**The data**:
(* For $K>K^*:=\frac{b\sigma_1}{b-\mu_0}$ let $G_3(K)=(S(K),I_1(K),0,0,R(K))$ be the unique equilibrium of the system below with $S,I_1,R>0$, and let $R^{**}=\frac{K}{b}(b-\mu_4')$. Then, as $K\to\infty$, $$R(K)=R^{**}+O(1),\qquad I_1(K)=\frac{\mu_4'-\mu_0}{\alpha_1}+O\!\left(\frac1K\right),\qquad S(K)=\frac{\mu_1-\mu_4'}{\alpha_1}+O\!\left(\frac1K\right).$$ In particular $R(K)\to\infty$ as $K\to\infty$, i.e. the recovered component of $G_3$ is not bounded uniformly in $K$.
   Context: Consider, for $t\ge0$, the system $S'=\big(b(1-\tfrac{N}{K})-\alpha_1I_1-\alpha_2I_2-(\beta_1+\beta_2+\alpha_3)I_{12}-\mu_0\big)S$, $I_1'=\big(b(1-\tfrac{N}{K})+\alpha_1S-\eta_1I_{12}-\gamma_1I_2-\mu_1\big)I_1+\beta_1SI_{12}$, $I_2'=\big(b(1-\tfrac{N}{K})+\alpha_2S-\eta_2I_{12}-\gamma_2I_1-\mu_2\big)I_2+\beta_2SI_{12}$, $I_{12}'=\big(b(1-\tfrac{N}{K})+\alpha_3S+\eta_1I_1+\eta_2I_2-\mu_3\big)I_{12}+(\gamma_1+\gamma_2)I_1I_2$, $R'=\big(b(1-\tfrac{N}{K})-\mu_4'\big)R+\rho_1I_1+\rho_2I_2+\rho_3I_{12}$, where $N=S+I_1+I_2+I_{12}+R$. All parameters $b,K,\alpha_i,\beta_i,\gamma_i,\eta_i,\rho_i,\mu_0,\mu_i'$ are positive and $\mu_i=\rho_i+\mu_i'$ for $i=1,2,3$; $K$ is regarded as a varying parameter, the others fixed. Standing assumptions: $b>\mu_0$, $b>\mu_i$ ($i=1,2,3$), $b>\mu_4'$, and $\mu_0<\mu_4'<\mu_j'$ for $j=1,2,3$. Set $\sigma_k=(\mu_k-\mu_0)/\alpha_k$ ($k=1,2,3$), assumed to satisfy $\sigma_1<\sigma_2<\sigma_3$, and $S^{**}=\frac{K}{b}(b-\mu_0)$. *)

theory Defs
  imports "HOL-Analysis.Analysis" "HOL-Library.Landau_Symbols"
begin

text \<open>Parameters:
 b, K; a1 a2 a3 (alpha_i); be1 be2 (beta_i); g1 g2 (gamma_i); e1 e2 (eta_i);
 r1 r2 r3 (rho_i); m0 (mu_0); m1 m2 m3 (mu_i = rho_i + mu_i'); m4' (mu_4').\<close>

definition logistic :: "real \<Rightarrow> real \<Rightarrow> real \<Rightarrow> real" where
  "logistic b K N = b * (1 - N / K)"

definition is_equilibrium ::
  "real \<Rightarrow> real \<Rightarrow> real \<Rightarrow> real \<Rightarrow> real \<Rightarrow> real \<Rightarrow> real \<Rightarrow> real \<Rightarrow> real \<Rightarrow> real \<Rightarrow> real
   \<Rightarrow> real \<Rightarrow> real \<Rightarrow> real \<Rightarrow> real \<Rightarrow> real \<Rightarrow> real \<Rightarrow> real \<Rightarrow> real \<Rightarrow> real
   \<Rightarrow> real \<Rightarrow> real \<Rightarrow> real \<Rightarrow> real \<Rightarrow> bool" where
  "is_equilibrium b K a1 a2 a3 be1 be2 g1 g2 e1 e2 r1 r2 r3 m0 m1 m2 m3 m4'
      S I1 I2 I12 R \<longleftrightarrow>
    (let L = logistic b K (S + I1 + I2 + I12 + R) in
      (L - a1 * I1 - a2 * I2 - (be1 + be2 + a3) * I12 - m0) * S = 0 \<and>
      (L + a1 * S - e1 * I12 - g1 * I2 - m1) * I1 + be1 * S * I12 = 0 \<and>
      (L + a2 * S - e2 * I12 - g2 * I1 - m2) * I2 + be2 * S * I12 = 0 \<and>
      (L + a3 * S + e1 * I1 + e2 * I2 - m3) * I12 + (g1 + g2) * I1 * I2 = 0 \<and>
      (L - m4') * R + r1 * I1 + r2 * I2 + r3 * I12 = 0)"

end

theory Submission
  imports Defs
begin

text \<open>On the boundary equilibrium G3 the equations for S and I1 pin the logistic factor
  L = b (1 - N/K) to m0 + a1 I1 = m1 - a1 S, and the R-equation gives
  (m4' - L) R = r1 I1 > 0. So the deficit d = m4' - L is positive, S and I1 are within
  d/a1 of their limits, and N = K (1 - L/b) forces R \<ge> K (b - m4')/(2b) for large K.
  Then d = r1 I1 / R = O(1/K), which yields all three expansions.\<close>

lemma equilibrium_G3_equations:
  assumes "is_equilibrium b K a1 a2 a3 be1 be2 g1 g2 e1 e2 r1 r2 r3 m0 m1 m2 m3 m4' S I1 0 0 R"
    and "S \<noteq> 0" "I1 \<noteq> 0"
  shows "logistic b K (S + I1 + R) = m0 + a1 * I1"
    and "logistic b K (S + I1 + R) = m1 - a1 * S"
    and "(logistic b K (S + I1 + R) - m4') * R + r1 * I1 = 0"
proof -
  let ?L = "logistic b K (S + I1 + R)"
  have "(?L - a1 * I1 - m0) * S = 0" "(?L + a1 * S - m1) * I1 = 0"
    and "(?L - m4') * R + r1 * I1 = 0"
    using assms(1) by (simp_all add: is_equilibrium_def Let_def)
  with assms(2,3) show "?L = m0 + a1 * I1" "?L = m1 - a1 * S" "(?L - m4') * R + r1 * I1 = 0"
    by simp_all
qed

lemma G3_deficit_relations:
  fixes L a1 r1 m0 m1 m4' S I1 R :: real
  assumes "L = m0 + a1 * I1" "L = m1 - a1 * S" "(L - m4') * R + r1 * I1 = 0"
    and "a1 > 0" "r1 > 0" "S > 0" "I1 > 0" "R > 0"
  shows "L < m4'"
    and "R * (m4' - L) = r1 * I1"
    and "I1 - (m4' - m0) / a1 = - (m4' - L) / a1"
    and "S - (m1 - m4') / a1 = (m4' - L) / a1"
    and "I1 < (m4' - m0) / a1"
    and "S < (m1 - m0) / a1"
proof -
  show R_deficit: "R * (m4' - L) = r1 * I1"
    using assms(3) by (simp add: algebra_simps)
  with assms(5,7) have "0 < R * (m4' - L)" by simp
  with assms(8) have "0 < m4' - L" using zero_less_mult_pos by blast
  then show "L < m4'" by simp
  with assms(1,4) show "I1 < (m4' - m0) / a1" by (simp add: pos_less_divide_eq mult.commute)
  from assms(1,2,4) show "I1 - (m4' - m0) / a1 = - (m4' - L) / a1"
    and "S - (m1 - m4') / a1 = (m4' - L) / a1" by (simp_all add: field_simps)
  have "a1 * I1 > 0" using assms(4,7) by simp
  with assms(1,2,4) show "S < (m1 - m0) / a1" by (simp add: pos_less_divide_eq mult.commute)
qed

lemma logistic_recovered_excess:
  assumes "b > 0" "K > 0"
  shows "R - K / b * (b - m4') = K * (m4' - logistic b K (S + I1 + R)) / b - S - I1"
  using assms by (simp add: logistic_def field_simps)

lemma G3_estimates:
  fixes b K a1 r1 m0 m1 m4' S I1 R :: real
  defines "L \<equiv> logistic b K (S + I1 + R)"
    and "q \<equiv> (b - m4') / b" and "c1 \<equiv> (m4' - m0) / a1" and "s0 \<equiv> (m1 - m0) / a1"
  assumes "L = m0 + a1 * I1" "L = m1 - a1 * S" "(L - m4') * R + r1 * I1 = 0"
    and "b > 0" "a1 > 0" "r1 > 0" "m4' < b" "S > 0" "I1 > 0" "R > 0"
    and K: "K > 0" "q * K > 2 * (s0 + c1)"
  shows "\<bar>I1 - c1\<bar> \<le> 2 * r1 * c1 / (q * a1) * (1 / K)"
    and "\<bar>S - (m1 - m4') / a1\<bar> \<le> 2 * r1 * c1 / (q * a1) * (1 / K)"
    and "\<bar>R - K / b * (b - m4')\<bar> \<le> 2 * r1 * c1 / (q * b) + s0 + c1"
    and "R \<ge> q / 2 * K"
proof -
  define d where "d = m4' - L"
  note deficit = G3_deficit_relations[OF assms(5-7,9,10,12-14), folded d_def c1_def s0_def]
  have d: "d > 0" using deficit(1) by (simp add: d_def)
  have q: "q > 0" using \<open>m4' < b\<close> \<open>b > 0\<close> by (simp add: q_def)
  have excess: "R - K / b * (b - m4') = K * d / b - S - I1"
    using logistic_recovered_excess[OF \<open>b > 0\<close> \<open>K > 0\<close>] by (simp add: d_def L_def)
  have "K / b * (b - m4') = q * K" by (simp add: q_def)
  moreover have Kd_nonneg: "K * d / b \<ge> 0" using d K \<open>b > 0\<close> by simp
  ultimately have "R \<ge> q * K - S - I1" using excess by linarith
  then show R_lower: "R \<ge> q / 2 * K" using K(2) deficit(5,6) by simp
  have "R * d < r1 * c1" using deficit(2,5) \<open>r1 > 0\<close> by (simp add: d_def)
  moreover have "q / 2 * K * d \<le> R * d" using R_lower d by (simp add: mult_right_mono)
  ultimately have "d \<le> 2 * r1 * c1 / (q * K)" using q K by (simp add: field_simps)
  then have d_bound: "d / a1 \<le> 2 * r1 * c1 / (q * a1) * (1 / K)" and
    "K * d / b \<le> 2 * r1 * c1 / (q * b)"
    using \<open>a1 > 0\<close> \<open>b > 0\<close> K(1) q by (simp_all add: field_simps)
  then show "\<bar>R - K / b * (b - m4')\<bar> \<le> 2 * r1 * c1 / (q * b) + s0 + c1"
    unfolding abs_le_iff using excess Kd_nonneg deficit(5,6) \<open>S > 0\<close> \<open>I1 > 0\<close>
    by linarith
  show "\<bar>I1 - c1\<bar> \<le> 2 * r1 * c1 / (q * a1) * (1 / K)"
    "\<bar>S - (m1 - m4') / a1\<bar> \<le> 2 * r1 * c1 / (q * a1) * (1 / K)"
    using deficit(3,4) d_bound d \<open>a1 > 0\<close> by (simp_all add: d_def)
qed

theorem mainTheorem10:
  fixes b a1 a2 a3 be1 be2 g1 g2 e1 e2 r1 r2 r3 m0 m1' m2' m3' m4' m1 m2 m3 :: real
    and S I1 R :: "real \<Rightarrow> real"
  assumes pos: "b > 0" "a1 > 0" "a2 > 0" "a3 > 0" "be1 > 0" "be2 > 0" "g1 > 0" "g2 > 0"
      "e1 > 0" "e2 > 0" "r1 > 0" "r2 > 0" "r3 > 0" "m0 > 0"
      "m1' > 0" "m2' > 0" "m3' > 0" "m4' > 0"
    and mu_def: "m1 = r1 + m1'" "m2 = r2 + m2'" "m3 = r3 + m3'"
    and standing: "b > m0" "b > m1" "b > m2" "b > m3" "b > m4'"
      "m0 < m4'" "m4' < m1'" "m4' < m2'" "m4' < m3'"
    and sigma: "(m1 - m0) / a1 < (m2 - m0) / a2" "(m2 - m0) / a2 < (m3 - m0) / a3"
    and G3: "\<And>K. K > b * ((m1 - m0) / a1) / (b - m0) \<Longrightarrow>
        S K > 0 \<and> I1 K > 0 \<and> R K > 0 \<and>
        is_equilibrium b K a1 a2 a3 be1 be2 g1 g2 e1 e2 r1 r2 r3 m0 m1 m2 m3 m4'
          (S K) (I1 K) 0 0 (R K)"
  shows "(\<lambda>K. R K - K / b * (b - m4')) \<in> O[at_top](\<lambda>_. 1) \<and>
    (\<lambda>K. I1 K - (m4' - m0) / a1) \<in> O[at_top](\<lambda>K. 1 / K) \<and>
    (\<lambda>K. S K - (m1 - m4') / a1) \<in> O[at_top](\<lambda>K. 1 / K) \<and>
    filterlim R at_top at_top"
proof -
  define q where "q = (b - m4') / b"
  define c1 where "c1 = (m4' - m0) / a1"
  define s0 where "s0 = (m1 - m0) / a1"
  have q: "q > 0" using pos standing by (simp add: q_def)
  have large: "\<forall>\<^sub>F K in at_top. K > b * ((m1 - m0) / a1) / (b - m0) \<and> K > 0 \<and>
      q * K > 2 * (s0 + c1)"
  proof (intro eventually_conj eventually_gt_at_top)
    show "\<forall>\<^sub>F K in at_top. q * K > 2 * (s0 + c1)"
      using eventually_gt_at_top[of "2 * (s0 + c1) / q"]
      by eventually_elim (use q in \<open>simp add: field_simps\<close>)
  qed
  define C where "C = 2 * r1 * c1 / (q * a1)"
  define C' where "C' = 2 * r1 * c1 / (q * b) + s0 + c1"
  have est: "\<forall>\<^sub>F K in at_top. norm (I1 K - c1) \<le> C * norm (1 / K) \<and>
      norm (S K - (m1 - m4') / a1) \<le> C * norm (1 / K) \<and>
      norm (R K - K / b * (b - m4')) \<le> C' * norm (1 :: real) \<and> R K \<ge> q / 2 * K"
    using large
  proof eventually_elim
    case (elim K)
    with G3 have "S K > 0" "I1 K > 0" "R K > 0"
      and eq: "is_equilibrium b K a1 a2 a3 be1 be2 g1 g2 e1 e2 r1 r2 r3 m0 m1 m2 m3 m4'
          (S K) (I1 K) 0 0 (R K)" by auto
    with elim G3_estimates[OF equilibrium_G3_equations[OF eq] _ _ _ standing(5)] pos
    show ?case by (simp add: q_def c1_def s0_def C_def C'_def)
  qed
  have "filterlim (\<lambda>K. q / 2 * K) at_top at_top"
    using q by (intro filterlim_tendsto_pos_mult_at_top[OF tendsto_const _ filterlim_ident]) auto
  then have "filterlim R at_top at_top"
    by (rule filterlim_at_top_mono) (use est in \<open>eventually_elim, simp\<close>)
  moreover have "(\<lambda>K. R K - K / b * (b - m4')) \<in> O[at_top](\<lambda>_. 1)"
    by (intro bigoI[where c = C'] eventually_mono[OF est]) blast
  moreover have "(\<lambda>K. I1 K - c1) \<in> O[at_top](\<lambda>K. 1 / K)"
    by (intro bigoI[where c = C] eventually_mono[OF est]) blast
  moreover have "(\<lambda>K. S K - (m1 - m4') / a1) \<in> O[at_top](\<lambda>K. 1 / K)"
    by (intro bigoI[where c = C] eventually_mono[OF est]) blast
  ultimately show ?thesis unfolding c1_def by blast
qed

end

**Work request**: From the material above, copy exactly the lines between the line holding "using large" and the line holding "c1) \<in> O[at_top](\<lambda>K.", inclusive, and only those.

**Solution for this task**:
    using large
  proof eventually_elim
    case (elim K)
    with G3 have "S K > 0" "I1 K > 0" "R K > 0"
      and eq: "is_equilibrium b K a1 a2 a3 be1 be2 g1 g2 e1 e2 r1 r2 r3 m0 m1 m2 m3 m4'
          (S K) (I1 K) 0 0 (R K)" by auto
    with elim G3_estimates[OF equilibrium_G3_equations[OF eq] _ _ _ standing(5)] pos
    show ?case by (simp add: q_def c1_def s0_def C_def C'_def)
  qed
  have "filterlim (\<lambda>K. q / 2 * K) at_top at_top"
    using q by (intro filterlim_tendsto_pos_mult_at_top[OF tendsto_const _ filterlim_ident]) auto
  then have "filterlim R at_top at_top"
    by (rule filterlim_at_top_mono) (use est in \<open>eventually_elim, simp\<close>)
  moreover have "(\<lambda>K. R K - K / b * (b - m4')) \<in> O[at_top](\<lambda>_. 1)"
    by (intro bigoI[where c = C'] eventually_mono[OF est]) blast
  moreover have "(\<lambda>K. I1 K - c1) \<in> O[at_top](\<lambda>K. 1 / K)"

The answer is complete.